- Recorded information
lemma ellsberg_single_vector_infeasible:
  fixes x :: "real^3" and s1 s2 s3 s4 c :: real
  assumes s1: "s1 \<in> {1, -1}" and s2: "s2 \<in> {1, -1}" and s3: "s3 \<in> {1, -1}" and s4: "s4 \<in> {1, -1}"
    and unit: "norm x = 1" and cx: "(v_c \<bullet> x)\<^sup>2 = 1/2" and qx: "(v34 s3 s4 \<bullet> x)\<^sup>2 = 69/100"
    and c: "c \<in> {0, v12 s1 s2 \<bullet> v_c}" and rx: "((v_c \<bullet> x) * (v12 s1 s2 \<bullet> x) - c)\<^sup>2 = 4/25"
  shows False
proof -
  define e where "e = s1 * s2"
  define f where "f = s3 * s4"
  define P where "P = x$1 + x$2 + x$3"
  define Q where "Q = x$1 + f * sqrt 2 * x$3"
  define R where "R = x$1 + e * sqrt 2 * x$2"
  have "s1 * s1 = 1" "s3 * s3 = 1"
    using s1 s3 by auto
  then have sign_cancel: "s1 * (s1 * z) = z" "s3 * (s3 * z) = z" for z
    by (simp_all add: mult.assoc[symmetric])
  have v12x: "v12 s1 s2 \<bullet> x = s1 * R / sqrt 3" and v34x: "v34 s3 s4 \<bullet> x = s3 * Q / sqrt 3"
    by (simp_all add: inner_v12 inner_v34 R_def Q_def e_def f_def algebra_simps sign_cancel)
  have v12c: "v12 s1 s2 \<bullet> v_c = s1 * (1 + e * sqrt 2) / 3"
    by (simp add: inner_v12_v_c e_def algebra_simps sign_cancel)
  have v_cx: "v_c \<bullet> x = P / sqrt 3"
    by (simp add: inner_v_c P_def)
  have unit_coords: "(x$1)\<^sup>2 + (x$2)\<^sup>2 + (x$3)\<^sup>2 = 1"
    using unit by (simp add: norm_eq_sqrt_inner inner_vec3 power2_eq_square)
  have P_sq: "P\<^sup>2 = 3/2"
    using cx by (simp add: v_cx power_divide)
  have Q_sq: "Q\<^sup>2 = 207/100"
    using qx \<open>s3 * s3 = 1\<close> by (simp add: v34x power_divide power_mult_distrib flip: power2_eq_square)
  have PR_sq: "(P * R - 3 * s1 * c)\<^sup>2 = 36/25"
    using rx by (simp add: v_cx v12x power2_eq_square field_simps sign_cancel)
  have "3 * s1 * (v12 s1 s2 \<bullet> v_c) = 1 + e * sqrt 2"
    by (simp add: v12c sign_cancel)
  then have C: "3 * s1 * c \<in> {0, 1 + e * sqrt 2}"
    using c by auto
  have signs: "e \<in> {1, -1}" "f \<in> {1, -1}"
    using s1 s2 s3 s4 by (auto simp: e_def f_def)
  show False
    using ellsberg_coordinates_infeasible[OF signs C] unit_coords P_sq Q_sq PR_sq
    unfolding P_def Q_def R_def by blast
qed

- Try it
Exactly as they stand, please print the lines from the first line of the records above down to the line that includes "by (simp_all add: inner_v12", both of those included and no others.

- Written reply
lemma ellsberg_single_vector_infeasible:
  fixes x :: "real^3" and s1 s2 s3 s4 c :: real
  assumes s1: "s1 \<in> {1, -1}" and s2: "s2 \<in> {1, -1}" and s3: "s3 \<in> {1, -1}" and s4: "s4 \<in> {1, -1}"
    and unit: "norm x = 1" and cx: "(v_c \<bullet> x)\<^sup>2 = 1/2" and qx: "(v34 s3 s4 \<bullet> x)\<^sup>2 = 69/100"
    and c: "c \<in> {0, v12 s1 s2 \<bullet> v_c}" and rx: "((v_c \<bullet> x) * (v12 s1 s2 \<bullet> x) - c)\<^sup>2 = 4/25"
  shows False
proof -
  define e where "e = s1 * s2"
  define f where "f = s3 * s4"
  define P where "P = x$1 + x$2 + x$3"
  define Q where "Q = x$1 + f * sqrt 2 * x$3"
  define R where "R = x$1 + e * sqrt 2 * x$2"
  have "s1 * s1 = 1" "s3 * s3 = 1"
    using s1 s3 by auto
  then have sign_cancel: "s1 * (s1 * z) = z" "s3 * (s3 * z) = z" for z
    by (simp_all add: mult.assoc[symmetric])
  have v12x: "v12 s1 s2 \<bullet> x = s1 * R / sqrt 3" and v34x: "v34 s3 s4 \<bullet> x = s3 * Q / sqrt 3"
    by (simp_all add: inner_v12 inner_v34 R_def Q_def e_def f_def algebra_simps sign_cancel)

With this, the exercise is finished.